TASK REQUIREMENTS — Write each line exactly as it stands, from the line containing "n] by force" through the end of the data.

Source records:

---*---

lemma fibre_separated_if_bi_closing:
  assumes "bi_closing X \<phi>" and "shift_space X" and "is_code X Y \<phi>"
  shows "\<exists>K. fibre_separated X \<phi> K"
proof (rule ccontr)
  assume "\<nexists>K. fibre_separated X \<phi> K"
  then have "\<forall>K. \<exists>x\<in>X. \<exists>x'\<in>X. \<phi> x = \<phi> x' \<and> x \<noteq> x' \<and> agree K x x'"
    unfolding fibre_separated_def by blast
  then have "\<forall>K. \<exists>w\<in>X. \<exists>w'\<in>X. \<phi> w = \<phi> w' \<and> w 0 \<noteq> w' 0 \<and>
      ((\<forall>j. 1 \<le> j \<and> j \<le> int K \<longrightarrow> w (-j) = w' (-j)) \<or> (\<forall>j. 1 \<le> j \<and> j \<le> int K \<longrightarrow> w j = w' j))"
    using unseparated_pair_at_origin[OF assms(2,3)] by metis
  then obtain w w' where w: "\<And>K. w K \<in> X \<and> w' K \<in> X \<and> \<phi> (w K) = \<phi> (w' K) \<and> w K 0 \<noteq> w' K 0 \<and>
      ((\<forall>j. 1 \<le> j \<and> j \<le> int K \<longrightarrow> w K (-j) = w' K (-j)) \<or> (\<forall>j. 1 \<le> j \<and> j \<le> int K \<longrightarrow> w K j = w' K j))"
    by metis
  obtain r z z' where r: "\<And>n. n \<le> r n"
    and lim: "converges_to (w \<circ> r) z" "converges_to (w' \<circ> r) z'"
    using convergent_subsequence_pair[of w w'] by blast
  have "closed_full X" using assms(2) unfolding shift_space_def by blast
  have X: "z \<in> X" "z' \<in> X"
    using closed_full_converges_to[OF \<open>closed_full X\<close> _ lim(1)]
      closed_full_converges_to[OF \<open>closed_full X\<close> _ lim(2)] by (simp_all add: w)
  have cont: "cont_on X \<phi>" using assms(3) unfolding is_code_def by blast
  have "converges_to (\<phi> \<circ> (w \<circ> r)) (\<phi> z)" "converges_to (\<phi> \<circ> (w' \<circ> r)) (\<phi> z')"
    using cont_on_converges_to[OF cont _ X(1) lim(1)] cont_on_converges_to[OF cont _ X(2) lim(2)]
    by (simp_all add: w)
  moreover have "\<phi> \<circ> (w \<circ> r) = \<phi> \<circ> (w' \<circ> r)" using w by auto
  ultimately have "\<phi> z = \<phi> z'" by (metis converges_to_unique)
  have "(\<forall>j. 1 \<le> j \<and> j \<le> int n \<longrightarrow> (w \<circ> r) n (-j) = (w' \<circ> r) n (-j)) \<or>
        (\<forall>j. 1 \<le> j \<and> j \<le> int n \<longrightarrow> (w \<circ> r) n j = (w' \<circ> r) n j)" for n
    using w[of "r n"] r[of n] by force
  then have "z 0 \<noteq> z' 0" "(\<forall>j\<ge>1. z (-j) = z' (-j)) \<or> (\<forall>j\<ge>1. z j = z' j)"
    using one_sided_agreement_limit[OF lim] w by auto
  then show False
    using assms(1) X \<open>\<phi> z = \<phi> z'\<close> left_asymp_if_eq_on_left right_asymp_if_eq_on_right
    unfolding bi_closing_def by metis
qed

subsection \<open>Cross sections from separated fibres\<close>

definition window_codes :: "'a::countable list set \<Rightarrow> nat list" where
  "window_codes P = sorted_list_of_set (to_nat ` P)"

text \<open>The i-th section (for i in {1..d}) picks the point of the fibre whose K-window has the
  i-th smallest code.\<close>

definition nth_section :: "(int \<Rightarrow> 'a::finite) set \<Rightarrow> ((int \<Rightarrow> 'a) \<Rightarrow> (int \<Rightarrow> 'b)) \<Rightarrow> nat \<Rightarrow> nat
    \<Rightarrow> (int \<Rightarrow> 'b) \<Rightarrow> (int \<Rightarrow> 'a)" where
  "nth_section X \<phi> K i y = (THE x. x \<in> fibre X \<phi> y \<and>
     to_nat (window K x) = window_codes (window K ` fibre X \<phi> y) ! (i - 1))"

---*---

TASK RESULT —
    using w[of "r n"] r[of n] by force
  then have "z 0 \<noteq> z' 0" "(\<forall>j\<ge>1. z (-j) = z' (-j)) \<or> (\<forall>j\<ge>1. z j = z' j)"
    using one_sided_agreement_limit[OF lim] w by auto
  then show False
    using assms(1) X \<open>\<phi> z = \<phi> z'\<close> left_asymp_if_eq_on_left right_asymp_if_eq_on_right
    unfolding bi_closing_def by metis
qed

subsection \<open>Cross sections from separated fibres\<close>

definition window_codes :: "'a::countable list set \<Rightarrow> nat list" where
  "window_codes P = sorted_list_of_set (to_nat ` P)"

text \<open>The i-th section (for i in {1..d}) picks the point of the fibre whose K-window has the
  i-th smallest code.\<close>

definition nth_section :: "(int \<Rightarrow> 'a::finite) set \<Rightarrow> ((int \<Rightarrow> 'a) \<Rightarrow> (int \<Rightarrow> 'b)) \<Rightarrow> nat \<Rightarrow> nat
    \<Rightarrow> (int \<Rightarrow> 'b) \<Rightarrow> (int \<Rightarrow> 'a)" where
  "nth_section X \<phi> K i y = (THE x. x \<in> fibre X \<phi> y \<and>
     to_nat (window K x) = window_codes (window K ` fibre X \<phi> y) ! (i - 1))"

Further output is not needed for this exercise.